EXERCISE OBJECTIVE: Lines outside the range are not wanted. Give again exactly the lines between the line holding "using s by (simp" and the line holding "fixes t :: real", inclusive, from the listing below.
================
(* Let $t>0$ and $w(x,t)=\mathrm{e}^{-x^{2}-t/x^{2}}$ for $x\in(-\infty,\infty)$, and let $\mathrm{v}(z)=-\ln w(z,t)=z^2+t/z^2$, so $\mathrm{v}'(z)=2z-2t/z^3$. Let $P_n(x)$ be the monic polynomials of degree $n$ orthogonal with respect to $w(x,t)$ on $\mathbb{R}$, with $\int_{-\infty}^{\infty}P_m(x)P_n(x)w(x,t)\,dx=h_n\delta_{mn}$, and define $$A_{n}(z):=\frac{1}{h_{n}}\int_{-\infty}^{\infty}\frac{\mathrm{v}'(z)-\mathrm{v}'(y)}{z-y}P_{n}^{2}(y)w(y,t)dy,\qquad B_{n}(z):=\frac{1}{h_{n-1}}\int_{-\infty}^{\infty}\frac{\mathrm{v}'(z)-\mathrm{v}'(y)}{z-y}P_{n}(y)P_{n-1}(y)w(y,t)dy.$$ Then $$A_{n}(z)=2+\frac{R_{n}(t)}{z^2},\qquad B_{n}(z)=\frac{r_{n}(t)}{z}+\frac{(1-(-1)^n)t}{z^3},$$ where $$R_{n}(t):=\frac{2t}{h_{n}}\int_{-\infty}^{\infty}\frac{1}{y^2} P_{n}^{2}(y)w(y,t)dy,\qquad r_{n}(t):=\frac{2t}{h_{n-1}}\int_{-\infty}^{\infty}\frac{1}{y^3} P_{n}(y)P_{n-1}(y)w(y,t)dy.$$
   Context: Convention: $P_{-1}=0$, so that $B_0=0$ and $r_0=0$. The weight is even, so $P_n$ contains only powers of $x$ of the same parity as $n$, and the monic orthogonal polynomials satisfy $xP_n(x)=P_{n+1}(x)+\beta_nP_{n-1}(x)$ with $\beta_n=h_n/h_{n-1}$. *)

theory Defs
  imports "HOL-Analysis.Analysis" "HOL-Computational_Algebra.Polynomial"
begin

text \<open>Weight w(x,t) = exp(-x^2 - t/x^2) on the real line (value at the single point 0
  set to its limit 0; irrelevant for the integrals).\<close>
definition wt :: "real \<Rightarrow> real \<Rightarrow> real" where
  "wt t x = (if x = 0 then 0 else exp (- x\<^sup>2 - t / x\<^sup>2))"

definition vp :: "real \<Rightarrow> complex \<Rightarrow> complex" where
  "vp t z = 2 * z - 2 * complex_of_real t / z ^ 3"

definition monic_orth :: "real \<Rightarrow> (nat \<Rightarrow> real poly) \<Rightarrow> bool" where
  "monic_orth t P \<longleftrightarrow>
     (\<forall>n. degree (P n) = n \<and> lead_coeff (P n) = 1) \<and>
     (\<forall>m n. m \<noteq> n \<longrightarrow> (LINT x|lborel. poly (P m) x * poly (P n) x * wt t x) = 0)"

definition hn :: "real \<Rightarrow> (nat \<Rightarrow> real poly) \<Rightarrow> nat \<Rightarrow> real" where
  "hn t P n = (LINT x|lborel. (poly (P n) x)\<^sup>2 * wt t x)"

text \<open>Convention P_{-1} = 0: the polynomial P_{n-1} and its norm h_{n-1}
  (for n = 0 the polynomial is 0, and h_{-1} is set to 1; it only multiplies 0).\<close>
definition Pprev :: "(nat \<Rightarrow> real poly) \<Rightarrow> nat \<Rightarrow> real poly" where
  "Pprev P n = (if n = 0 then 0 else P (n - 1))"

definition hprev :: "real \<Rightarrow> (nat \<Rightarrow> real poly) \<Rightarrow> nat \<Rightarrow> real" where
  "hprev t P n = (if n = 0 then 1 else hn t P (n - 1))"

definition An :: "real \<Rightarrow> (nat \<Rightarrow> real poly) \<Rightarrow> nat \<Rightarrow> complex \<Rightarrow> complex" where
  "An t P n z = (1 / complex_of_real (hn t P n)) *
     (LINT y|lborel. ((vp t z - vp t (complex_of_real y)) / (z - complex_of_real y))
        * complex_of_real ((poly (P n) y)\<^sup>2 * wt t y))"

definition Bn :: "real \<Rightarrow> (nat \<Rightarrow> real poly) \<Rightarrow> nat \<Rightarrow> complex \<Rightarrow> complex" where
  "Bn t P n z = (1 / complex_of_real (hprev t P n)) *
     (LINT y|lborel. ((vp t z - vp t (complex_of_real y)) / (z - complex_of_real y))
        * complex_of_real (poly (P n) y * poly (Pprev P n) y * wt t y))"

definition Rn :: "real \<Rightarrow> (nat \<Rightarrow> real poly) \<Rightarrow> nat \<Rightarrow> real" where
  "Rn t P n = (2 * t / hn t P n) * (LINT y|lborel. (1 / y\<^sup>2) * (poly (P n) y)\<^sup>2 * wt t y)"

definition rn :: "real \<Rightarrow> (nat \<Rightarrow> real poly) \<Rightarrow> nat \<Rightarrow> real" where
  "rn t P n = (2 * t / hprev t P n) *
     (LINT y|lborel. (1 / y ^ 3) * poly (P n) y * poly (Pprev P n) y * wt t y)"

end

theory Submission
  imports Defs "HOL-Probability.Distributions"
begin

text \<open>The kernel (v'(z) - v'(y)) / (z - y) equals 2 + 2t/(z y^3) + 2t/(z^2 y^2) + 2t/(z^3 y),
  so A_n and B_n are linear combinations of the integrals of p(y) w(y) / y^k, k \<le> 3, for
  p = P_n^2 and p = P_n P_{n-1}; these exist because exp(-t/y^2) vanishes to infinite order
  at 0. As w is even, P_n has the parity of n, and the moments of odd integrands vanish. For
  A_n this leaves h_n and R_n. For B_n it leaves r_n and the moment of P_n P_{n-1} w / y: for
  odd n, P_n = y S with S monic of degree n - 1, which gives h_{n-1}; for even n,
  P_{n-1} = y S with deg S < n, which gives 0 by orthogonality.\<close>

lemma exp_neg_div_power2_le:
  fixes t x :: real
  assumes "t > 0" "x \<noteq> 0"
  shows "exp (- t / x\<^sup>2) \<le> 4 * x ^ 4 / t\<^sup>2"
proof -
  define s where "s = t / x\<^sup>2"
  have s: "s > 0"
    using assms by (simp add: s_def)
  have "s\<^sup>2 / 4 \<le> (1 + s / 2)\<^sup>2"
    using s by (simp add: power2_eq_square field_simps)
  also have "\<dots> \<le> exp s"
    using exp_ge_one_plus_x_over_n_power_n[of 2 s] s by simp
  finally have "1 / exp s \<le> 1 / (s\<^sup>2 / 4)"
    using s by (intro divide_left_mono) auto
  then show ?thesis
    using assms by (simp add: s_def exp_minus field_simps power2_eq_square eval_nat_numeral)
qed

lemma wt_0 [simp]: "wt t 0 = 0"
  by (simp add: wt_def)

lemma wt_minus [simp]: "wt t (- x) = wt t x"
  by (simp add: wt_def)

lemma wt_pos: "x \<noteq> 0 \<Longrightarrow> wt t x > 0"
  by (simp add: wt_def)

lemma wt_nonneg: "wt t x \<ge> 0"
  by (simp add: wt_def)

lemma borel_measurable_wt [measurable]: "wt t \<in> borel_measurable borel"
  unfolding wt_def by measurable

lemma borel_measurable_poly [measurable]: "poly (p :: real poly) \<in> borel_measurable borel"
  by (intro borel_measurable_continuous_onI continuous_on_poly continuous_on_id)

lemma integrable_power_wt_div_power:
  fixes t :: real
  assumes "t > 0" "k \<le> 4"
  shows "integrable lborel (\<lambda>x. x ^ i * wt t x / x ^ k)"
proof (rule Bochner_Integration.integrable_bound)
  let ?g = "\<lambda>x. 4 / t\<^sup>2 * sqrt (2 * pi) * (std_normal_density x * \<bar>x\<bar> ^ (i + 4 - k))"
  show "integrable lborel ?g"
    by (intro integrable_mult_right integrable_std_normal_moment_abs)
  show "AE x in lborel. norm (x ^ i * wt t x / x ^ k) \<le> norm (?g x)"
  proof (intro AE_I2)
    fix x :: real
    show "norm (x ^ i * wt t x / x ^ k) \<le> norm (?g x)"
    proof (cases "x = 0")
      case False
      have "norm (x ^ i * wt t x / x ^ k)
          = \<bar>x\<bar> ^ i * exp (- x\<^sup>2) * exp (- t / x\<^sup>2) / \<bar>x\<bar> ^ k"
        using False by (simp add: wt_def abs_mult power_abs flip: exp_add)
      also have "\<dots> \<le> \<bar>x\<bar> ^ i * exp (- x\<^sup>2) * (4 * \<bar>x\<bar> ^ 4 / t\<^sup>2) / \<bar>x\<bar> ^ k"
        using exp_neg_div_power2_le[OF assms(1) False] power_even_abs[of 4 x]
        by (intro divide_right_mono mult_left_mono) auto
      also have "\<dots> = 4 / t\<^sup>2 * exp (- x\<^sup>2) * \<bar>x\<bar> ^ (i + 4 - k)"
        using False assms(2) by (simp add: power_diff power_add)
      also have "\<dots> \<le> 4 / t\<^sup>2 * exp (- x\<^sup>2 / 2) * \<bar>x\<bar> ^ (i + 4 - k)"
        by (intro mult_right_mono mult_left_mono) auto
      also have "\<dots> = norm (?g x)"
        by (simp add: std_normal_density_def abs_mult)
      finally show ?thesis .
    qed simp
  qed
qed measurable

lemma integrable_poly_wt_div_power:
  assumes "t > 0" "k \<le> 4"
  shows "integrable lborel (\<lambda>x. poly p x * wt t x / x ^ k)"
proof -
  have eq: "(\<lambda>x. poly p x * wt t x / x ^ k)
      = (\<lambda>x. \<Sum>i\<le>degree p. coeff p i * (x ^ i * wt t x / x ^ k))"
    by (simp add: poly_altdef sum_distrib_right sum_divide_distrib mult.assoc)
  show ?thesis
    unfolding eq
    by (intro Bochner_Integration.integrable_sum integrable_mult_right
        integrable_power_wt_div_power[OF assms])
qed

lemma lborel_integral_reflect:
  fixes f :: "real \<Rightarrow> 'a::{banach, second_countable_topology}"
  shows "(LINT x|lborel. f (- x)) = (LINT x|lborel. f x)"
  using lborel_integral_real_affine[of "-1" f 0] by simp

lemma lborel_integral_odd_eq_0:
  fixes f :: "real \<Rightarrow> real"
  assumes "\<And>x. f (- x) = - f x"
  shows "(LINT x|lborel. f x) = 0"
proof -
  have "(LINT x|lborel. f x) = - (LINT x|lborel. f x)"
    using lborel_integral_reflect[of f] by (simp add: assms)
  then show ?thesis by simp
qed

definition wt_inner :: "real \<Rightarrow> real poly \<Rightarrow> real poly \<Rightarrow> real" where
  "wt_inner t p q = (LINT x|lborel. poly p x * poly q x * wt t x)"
================
RESULT:
    using s by (simp add: power2_eq_square field_simps)
  also have "\<dots> \<le> exp s"
    using exp_ge_one_plus_x_over_n_power_n[of 2 s] s by simp
  finally have "1 / exp s \<le> 1 / (s\<^sup>2 / 4)"
    using s by (intro divide_left_mono) auto
  then show ?thesis
    using assms by (simp add: s_def exp_minus field_simps power2_eq_square eval_nat_numeral)
qed

lemma wt_0 [simp]: "wt t 0 = 0"
  by (simp add: wt_def)

lemma wt_minus [simp]: "wt t (- x) = wt t x"
  by (simp add: wt_def)

lemma wt_pos: "x \<noteq> 0 \<Longrightarrow> wt t x > 0"
  by (simp add: wt_def)

lemma wt_nonneg: "wt t x \<ge> 0"
  by (simp add: wt_def)

lemma borel_measurable_wt [measurable]: "wt t \<in> borel_measurable borel"
  unfolding wt_def by measurable

lemma borel_measurable_poly [measurable]: "poly (p :: real poly) \<in> borel_measurable borel"
  by (intro borel_measurable_continuous_onI continuous_on_poly continuous_on_id)

lemma integrable_power_wt_div_power:
  fixes t :: real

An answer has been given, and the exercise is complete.